▼

(* Let $k,l\ge 1$ and let $V'(k,l)=\{x_1,\dots,x_k\}\times\{y_1,\dots,y_l\}$ with $x_1<\dots<x_k$ and $y_1<\dots<y_l$ real numbers. Let $S$ be a finite set of closed line segments in the plane, none of which is horizontal or vertical, whose union contains $V'(k,l)$. Then $|S|\ge k+l-2$. Moreover, if $k=1$ or $l=1$, or if $S$ is noncrossing, then $|S|\ge k+l-1$.
   Context: Segments are nondegenerate (positive length); a segment is horizontal (vertical) if its endpoints have equal $y$- (resp. $x$-) coordinates. A set of segments is noncrossing if any two of its segments intersect at most in a point that is a common endpoint of both. *)

theory Defs
  imports "HOL-Analysis.Analysis"
begin

type_synonym point = "real \<times> real"

definition is_segment :: "point set \<Rightarrow> bool" where
  "is_segment s \<longleftrightarrow> (\<exists>p q. p \<noteq> q \<and> s = closed_segment p q)"

definition horizontal :: "point set \<Rightarrow> bool" where
  "horizontal s \<longleftrightarrow> (\<exists>p q. p \<noteq> q \<and> s = closed_segment p q \<and> snd p = snd q)"

definition vertical :: "point set \<Rightarrow> bool" where
  "vertical s \<longleftrightarrow> (\<exists>p q. p \<noteq> q \<and> s = closed_segment p q \<and> fst p = fst q)"

definition noncrossing :: "point set set \<Rightarrow> bool" where
  "noncrossing S \<longleftrightarrow>
     (\<forall>s\<in>S. \<forall>t\<in>S. s \<noteq> t \<longrightarrow>
        (\<exists>p q p' q'. s = closed_segment p q \<and> t = closed_segment p' q' \<and>
           (\<exists>z. s \<inter> t \<subseteq> {z}) \<and> s \<inter> t \<subseteq> {p, q} \<inter> {p', q'}))"

end

theory Submission
  imports Defs
begin

text \<open>Two distinct points of a segment that is neither horizontal nor vertical differ in both
  coordinates, and the product of their coordinate differences has the sign of the slope. So such
  a segment meets every horizontal and every vertical line at most once, which settles the case
  \<open>k = 1\<close> or \<open>l = 1\<close>. Otherwise count the \<open>2k + 2l - 4\<close> grid points on the boundary of the
  bounding rectangle: they form two L-shaped chains at opposite corners (lower left and upper
  right for positive slope, upper left and lower right for negative slope), and a segment meets
  each chain at most once, hence covers at most two boundary points. If \<open>S\<close> is noncrossing, some
  segment covers at most one: otherwise the segment leaving the lower left corner towards the
  right or the upper edge would cross the segment leaving the lower right or the upper left
  corner at a point that is not an endpoint of both.\<close>

definition oblique :: "point set \<Rightarrow> bool" where
  "oblique s \<longleftrightarrow> (\<exists>p q. s = closed_segment p q \<and> fst p \<noteq> fst q \<and> snd p \<noteq> snd q)"

lemma oblique_if_not_axis_parallel:
  assumes "is_segment s" "\<not> horizontal s" "\<not> vertical s"
  shows "oblique s"
  using assms unfolding is_segment_def horizontal_def vertical_def oblique_def by blast

lemma closed_segment_diff_scaleR:
  fixes p q :: "'a::real_vector"
  assumes "u \<in> closed_segment p q" "v \<in> closed_segment p q"
  obtains t where "u - v = t *\<^sub>R (q - p)"
proof -
  obtain a where a: "u = (1 - a) *\<^sub>R p + a *\<^sub>R q"
    using assms(1) unfolding in_segment by blast
  obtain b where b: "v = (1 - b) *\<^sub>R p + b *\<^sub>R q"
    using assms(2) unfolding in_segment by blast
  have "u - v = (a - b) *\<^sub>R (q - p)"
    unfolding a b by (simp add: algebra_simps)
  then show thesis by (rule that)
qed

lemma closed_segment_slope_sign:
  fixes p q u v :: point
  assumes "fst p \<noteq> fst q" "snd p \<noteq> snd q"
    and "u \<in> closed_segment p q" "v \<in> closed_segment p q" "u \<noteq> v"
  shows "0 < (fst u - fst v) * (snd u - snd v) * ((fst q - fst p) * (snd q - snd p))"
proof -
  obtain t where t: "u - v = t *\<^sub>R (q - p)"
    using closed_segment_diff_scaleR[OF assms(3,4)] .
  with assms(5) have "t \<noteq> 0" by auto
  have "fst u - fst v = t * (fst q - fst p)" "snd u - snd v = t * (snd q - snd p)"
    using arg_cong[OF t, of fst] arg_cong[OF t, of snd] by simp_all
  then have "(fst u - fst v) * (snd u - snd v) * ((fst q - fst p) * (snd q - snd p))
      = (t * (fst q - fst p) * (snd q - snd p))\<^sup>2"
    by (simp add: power2_eq_square)
  then show ?thesis
    using assms(1,2) \<open>t \<noteq> 0\<close> by simp
qed

lemma oblique_points_differ:
  assumes "oblique s" "u \<in> s" "v \<in> s" "u \<noteq> v"
  shows "fst u \<noteq> fst v" "snd u \<noteq> snd v"
proof -
  obtain p q where "s = closed_segment p q" "fst p \<noteq> fst q" "snd p \<noteq> snd q"
    using assms(1) unfolding oblique_def by blast
  then have "0 < (fst u - fst v) * (snd u - snd v) * ((fst q - fst p) * (snd q - snd p))"
    using closed_segment_slope_sign assms(2-4) by blast
  then show "fst u \<noteq> fst v" "snd u \<noteq> snd v" by auto
qed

▲

#### The problem:
Find each line above that contains "auto", and copy those lines.

#### Solved exercise:
  with assms(5) have "t \<noteq> 0" by auto
  then show "fst u \<noteq> fst v" "snd u \<noteq> snd v" by auto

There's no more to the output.